lemma norm_partial_displacement_square_le:
  assumes "0 \<le> t" and bounds: "\<forall>i. 0 \<le> occupation_time t i \<omega> \<and> occupation_time t i \<omega> \<le> t"
    and finite: "occupation_energy t \<omega> < \<infinity>"
  shows "(norm (partial_displacement t n \<omega>))\<^sup>2 \<le> t * enn2real (occupation_energy t \<omega>)"
proof -
  have "ennreal (\<Sum>i\<le>n. occupation_time t i \<omega> * (norm (V i \<omega>))\<^sup>2)
          = (\<Sum>i<Suc n. ennreal (occupation_time t i \<omega> * (norm (V i \<omega>))\<^sup>2))"
    using bounds by (simp add: sum_ennreal lessThan_Suc_atMost)
  also have "\<dots> \<le> occupation_energy t \<omega>"
    unfolding occupation_energy_def by (rule sum_le_suminf) auto
  finally have "ennreal (\<Sum>i\<le>n. occupation_time t i \<omega> * (norm (V i \<omega>))\<^sup>2) \<le> occupation_energy t \<omega>" .
  then have "enn2real (ennreal (\<Sum>i\<le>n. occupation_time t i \<omega> * (norm (V i \<omega>))\<^sup>2))
               \<le> enn2real (occupation_energy t \<omega>)"
    using finite by (intro enn2real_mono) auto
  then have energy: "(\<Sum>i\<le>n. occupation_time t i \<omega> * (norm (V i \<omega>))\<^sup>2) \<le> enn2real (occupation_energy t \<omega>)"
    using bounds by (simp add: sum_nonneg)
  have "norm (partial_displacement t n \<omega>) \<le> (\<Sum>i\<le>n. occupation_time t i \<omega> * norm (V i \<omega>))"
    unfolding partial_displacement_def
    using norm_sum[of "\<lambda>i. occupation_time t i \<omega> *\<^sub>R V i \<omega>" "{..n}"] bounds by simp
  then have "(norm (partial_displacement t n \<omega>))\<^sup>2 \<le> (\<Sum>i\<le>n. occupation_time t i \<omega> * norm (V i \<omega>))\<^sup>2"
    by (intro power_mono) auto
  also have "\<dots> \<le> (\<Sum>i\<le>n. occupation_time t i \<omega>) * (\<Sum>i\<le>n. occupation_time t i \<omega> * (norm (V i \<omega>))\<^sup>2)"
    using bounds by (intro power2_sum_weighted_le) auto
  also have "\<dots> \<le> t * enn2real (occupation_energy t \<omega>)"
    unfolding sum_occupation_time using bounds \<open>0 \<le> t\<close> energy
    by (intro mult_mono sum_nonneg) auto
  finally show ?thesis .
qed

---------------

WHAT IS EXPECTED – Please return only the lines above, starting at the line that has "n \<omega>))\<^sup>2 \<le> t" and ending at the line that has "using finite by", keeping both and leaving each one unchanged.

OUTPUT OF THE EXERCISE –
  shows "(norm (partial_displacement t n \<omega>))\<^sup>2 \<le> t * enn2real (occupation_energy t \<omega>)"
proof -
  have "ennreal (\<Sum>i\<le>n. occupation_time t i \<omega> * (norm (V i \<omega>))\<^sup>2)
          = (\<Sum>i<Suc n. ennreal (occupation_time t i \<omega> * (norm (V i \<omega>))\<^sup>2))"
    using bounds by (simp add: sum_ennreal lessThan_Suc_atMost)
  also have "\<dots> \<le> occupation_energy t \<omega>"
    unfolding occupation_energy_def by (rule sum_le_suminf) auto
  finally have "ennreal (\<Sum>i\<le>n. occupation_time t i \<omega> * (norm (V i \<omega>))\<^sup>2) \<le> occupation_energy t \<omega>" .
  then have "enn2real (ennreal (\<Sum>i\<le>n. occupation_time t i \<omega> * (norm (V i \<omega>))\<^sup>2))
               \<le> enn2real (occupation_energy t \<omega>)"
    using finite by (intro enn2real_mono) auto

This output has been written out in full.